I was talking with a friend just this morning who told me to keep her accountable in the area of gossip. Now that is wisdom! Recognizing that you have something that needs correcting and asking a trusted person in your life to help you retrain your mind and tongue.

I want to be the kind of person that can receive the truth in love, and give the truth in love.

Wearing a mask so not to see your flaws is surrendering to a problem that you were not created to walk in. It is learning to live with your wrongful behavior, thinking "that's just who I am".

RED FLAG! That is not who you are! And when someone says "that's just who you are", graciously say that they are wrong and to not label you with ungodly character ever again.

Anywho :) I'm just taking some time tonight to ask the Holy Spirit to tell me what I am currently doing that is setting destructive patterns in my life. Whether it is having a judgmental attitude, gossiping, being quick to frustration or maybe choosing to be negative (yes, I said choosing because it is a choice) I want to be a work in progress kind of person.

Lord, please allow my heart to be a construction zone for the rest of my life.

- Katy

Sunday, October 3, 2010

Love is a Battlefield

Imagine you are a 23 year old dancer with a little girl to take care of and the only dependable people in your life are your best friend and your brother's baby's mama. (I'm new at the baby mama slang)

So when I come in your strip club dressing room, introduce myself and give you a pedicure, you would be a shocked too when I refused to take payment or a tip.

Well, this dancer wasn't just shocked, she turned her head away and said "I'm gonna cry."

I'm sitting on the floor thinking, its just a pedicure?

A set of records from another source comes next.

(* There exists a constant $\Delta T$ (independent of $\alpha$) such that, for all sufficiently large $\alpha$, $T_{\max}\ge\frac1\lambda(\log\alpha+\Delta T)$. Furthermore, for all $t\le\frac1\lambda(\log\alpha+\Delta T)$, $$\Big\|\frac1\alpha e^{\lambda t}\boldsymbol{\theta}(t)-\bar{\boldsymbol{\theta}}_{\mathrm{init}}\Big\|_2=O(\alpha^{-L})\cdot e^{L\lambda t},$$ where the $O(\cdot)$ constant does not depend on $\alpha$ or $t$.
   Context: Regression setting. Training data $\{(\boldsymbol{x}_i,y_i)\}_{i=1}^n$, $y_i\in\mathbb{R}$. Model $f(\boldsymbol{\theta};\boldsymbol{x})$, $\boldsymbol{\theta}\in\mathbb{R}^D$, $\mathcal{C}^2$ and $L$-homogeneous in $\boldsymbol{\theta}$ for every $\boldsymbol{x}$; $f_i(\boldsymbol{\theta}):=f(\boldsymbol{\theta};\boldsymbol{x}_i)$. Fixed $\bar{\boldsymbol{\theta}}_{\mathrm{init}}$ with $f(\bar{\boldsymbol{\theta}}_{\mathrm{init}};\boldsymbol{x})=0$ for all $\boldsymbol{x}$. Loss $\mathcal{L}(\boldsymbol{\theta})=\frac1n\sum_i(f_i(\boldsymbol{\theta})-y_i)^2$, $\mathcal{L}_\lambda=\mathcal{L}+\frac\lambda2\|\boldsymbol{\theta}\|_2^2$, $\lambda=\lambda(\alpha)=\Theta(\alpha^{-p})$ for a constant $p>0$. $\boldsymbol{\theta}(t)$ is the gradient flow $\frac{d\boldsymbol{\theta}}{dt}=-\nabla\mathcal{L}_\lambda(\boldsymbol{\theta})$ from $\boldsymbol{\theta}(0)=\alpha\bar{\boldsymbol{\theta}}_{\mathrm{init}}$. $\boldsymbol{\Phi}(\boldsymbol{\theta})\in\mathbb{R}^{D\times n}$ has $i$-th column $\nabla f_i(\boldsymbol{\theta})$, $\boldsymbol{K}(\boldsymbol{\theta}):=\boldsymbol{\Phi}(\boldsymbol{\theta})^\top\boldsymbol{\Phi}(\boldsymbol{\theta})$, and $\nu_{\mathrm{ntk}}>0$ is the minimum eigenvalue of $\boldsymbol{K}(\bar{\boldsymbol{\theta}}_{\mathrm{init}})$ (the vectors $\nabla f_i(\bar{\boldsymbol{\theta}}_{\mathrm{init}})$ are assumed linearly independent). $\epsilon_{\max}>0$ is a fixed constant such that $\lambda_{\min}(\boldsymbol{K}(\boldsymbol{\theta}))>\frac{\nu_{\mathrm{ntk}}}{2}$ whenever $\|\boldsymbol{\theta}-\bar{\boldsymbol{\theta}}_{\mathrm{init}}\|_2<\epsilon_{\max}$, and $T_{\max}:=\inf\{t\ge0:\|\frac{e^{\lambda t}}{\alpha}\boldsymbol{\theta}(t)-\bar{\boldsymbol{\theta}}_{\mathrm{init}}\|_2>\epsilon_{\max}\}$. *)

theory Defs
  imports "HOL-Analysis.Analysis" "HOL-Library.Landau_Symbols"
begin

definition grad :: "('a::euclidean_space \<Rightarrow> real) \<Rightarrow> 'a \<Rightarrow> 'a" where
  "grad g th = (SOME v. (g has_derivative (\<lambda>h. v \<bullet> h)) (at th))"

definition C2 :: "('a::euclidean_space \<Rightarrow> real) \<Rightarrow> bool" where
  "C2 g \<longleftrightarrow> (\<exists>G H. (\<forall>th. (g has_derivative (\<lambda>h. G th \<bullet> h)) (at th))
                 \<and> (\<forall>th. (G has_derivative blinfun_apply (H th)) (at th))
                 \<and> continuous_on UNIV (H :: 'a \<Rightarrow> 'a \<Rightarrow>\<^sub>L 'a))"

definition homogeneous :: "real \<Rightarrow> ('a::real_vector \<Rightarrow> real) \<Rightarrow> bool" where
  "homogeneous L g \<longleftrightarrow> (\<forall>c th. c > 0 \<longrightarrow> g (c *\<^sub>R th) = c powr L * g th)"

text \<open>Square loss with data index set 'i (n = CARD('i)), f_i(theta) = f theta (xs i).\<close>
definition sqloss :: "('a \<Rightarrow> 'x \<Rightarrow> real) \<Rightarrow> ('i::finite \<Rightarrow> 'x) \<Rightarrow> ('i \<Rightarrow> real) \<Rightarrow> 'a \<Rightarrow> real" where
  "sqloss f xs ys th = (1 / real CARD('i)) * (\<Sum>i\<in>UNIV. (f th (xs i) - ys i)\<^sup>2)"

definition regloss :: "('a::real_normed_vector \<Rightarrow> 'x \<Rightarrow> real) \<Rightarrow> ('i::finite \<Rightarrow> 'x) \<Rightarrow> ('i \<Rightarrow> real)
    \<Rightarrow> real \<Rightarrow> 'a \<Rightarrow> real" where
  "regloss f xs ys lam th = sqloss f xs ys th + lam / 2 * (norm th)\<^sup>2"

definition ntk :: "('a::euclidean_space \<Rightarrow> 'x \<Rightarrow> real) \<Rightarrow> ('i::finite \<Rightarrow> 'x) \<Rightarrow> 'a \<Rightarrow> real^'i^'i" where
  "ntk f xs th = (\<chi> i j. grad (\<lambda>p. f p (xs i)) th \<bullet> grad (\<lambda>p. f p (xs j)) th)"

definition min_eig :: "real^'i^'i \<Rightarrow> real" where
  "min_eig K = Min {mu. \<exists>v. v \<noteq> 0 \<and> K *v v = mu *\<^sub>R v}"

text \<open>T_max as an extended real (infimum of the empty set is +infinity).\<close>
definition Tmax :: "real \<Rightarrow> real \<Rightarrow> (real \<Rightarrow> 'a::real_normed_vector) \<Rightarrow> 'a \<Rightarrow> real \<Rightarrow> ereal" where
  "Tmax lam alpha th thinit eps =
     Inf (ereal ` {t. t \<ge> 0 \<and> norm ((exp (lam * t) / alpha) *\<^sub>R th t - thinit) > eps})"

end

(*
  Write phi(t) = e^(lam t) theta(t) / alpha and s(t) = alpha e^(-lam t), so that theta = s phi.
  By L-homogeneity the gradients of the f_i at theta are s^(L-1) times those at phi, and Euler's
  identity grad f_i(theta) . theta = L f_i(theta) turns the weight decay into a damping of the
  residual r = (f_i(theta) - y_i)_i.  As long as phi stays in a ball around thinit on which the
  gradients satisfy Riesz bounds nu |v| <= |sum_i v_i grad f_i| <= M |v|, the quantity
      |phi - thinit| + s^(-L) / nu * (|r| - |y|)
  is nonincreasing.  It vanishes at t = 0, which gives |phi(t) - thinit| <= |y| / nu * alpha^(-L)
  e^(L lam t).  A continuity argument keeps phi in the ball up to the time (log alpha + Delta T) / lam
  at which this bound reaches the radius of the ball.
*)

theory Submission
  imports Defs
begin

section \<open>Gradients of homogeneous functions\<close>

lemma grad_eqI:
  fixes g :: "'a::euclidean_space \<Rightarrow> real"
  assumes "(g has_derivative (\<lambda>h. v \<bullet> h)) (at x)"
  shows "grad g x = v"
proof -
  have "(g has_derivative (\<lambda>h. grad g x \<bullet> h)) (at x)"
    unfolding grad_def using assms by (rule someI)
  then have "(\<lambda>h. grad g x \<bullet> h) = (\<lambda>h. v \<bullet> h)"
    using assms by (rule has_derivative_unique)
  then show ?thesis
    by (subst vector_eq_rdot[symmetric]) (simp add: fun_eq_iff)
qed

lemma C2_has_derivative_grad:
  fixes g :: "'a::euclidean_space \<Rightarrow> real"
  assumes "C2 g"
  shows "(g has_derivative (\<lambda>h. grad g x \<bullet> h)) (at x)"
proof -
  obtain G where G: "\<And>x. (g has_derivative (\<lambda>h. G x \<bullet> h)) (at x)"
    using assms unfolding C2_def by blast
  then show ?thesis
    using grad_eqI[OF G] by simp
qed

lemma C2_continuous_grad:
  fixes g :: "'a::euclidean_space \<Rightarrow> real"
  assumes "C2 g"
  shows "continuous_on UNIV (grad g)"
proof -
  obtain G H where G: "\<And>x. (g has_derivative (\<lambda>h. G x \<bullet> h)) (at x)"
    and GH: "\<And>x. (G has_derivative blinfun_apply (H x)) (at x)"
    using assms unfolding C2_def by blast
  have "grad g = G"
    using grad_eqI[OF G] by blast
  then show ?thesis
    using GH has_derivative_continuous continuous_at_imp_continuous_on by blast
qed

But what Kyle helped me realize later is, it wasn't that she didn't know how to accept a gift, she didn't know how to accept love.

In her world, love is a battlefield. You use people, they use you and you move on. Its is a painful gamble and it is easier to numb yourself and get used to it than remain open hearted.

In my world love is everywhere, my friendships, family, marriage, etc. So how do I bridge her life and mine? I don't know, but I'm trusting God to figure that out.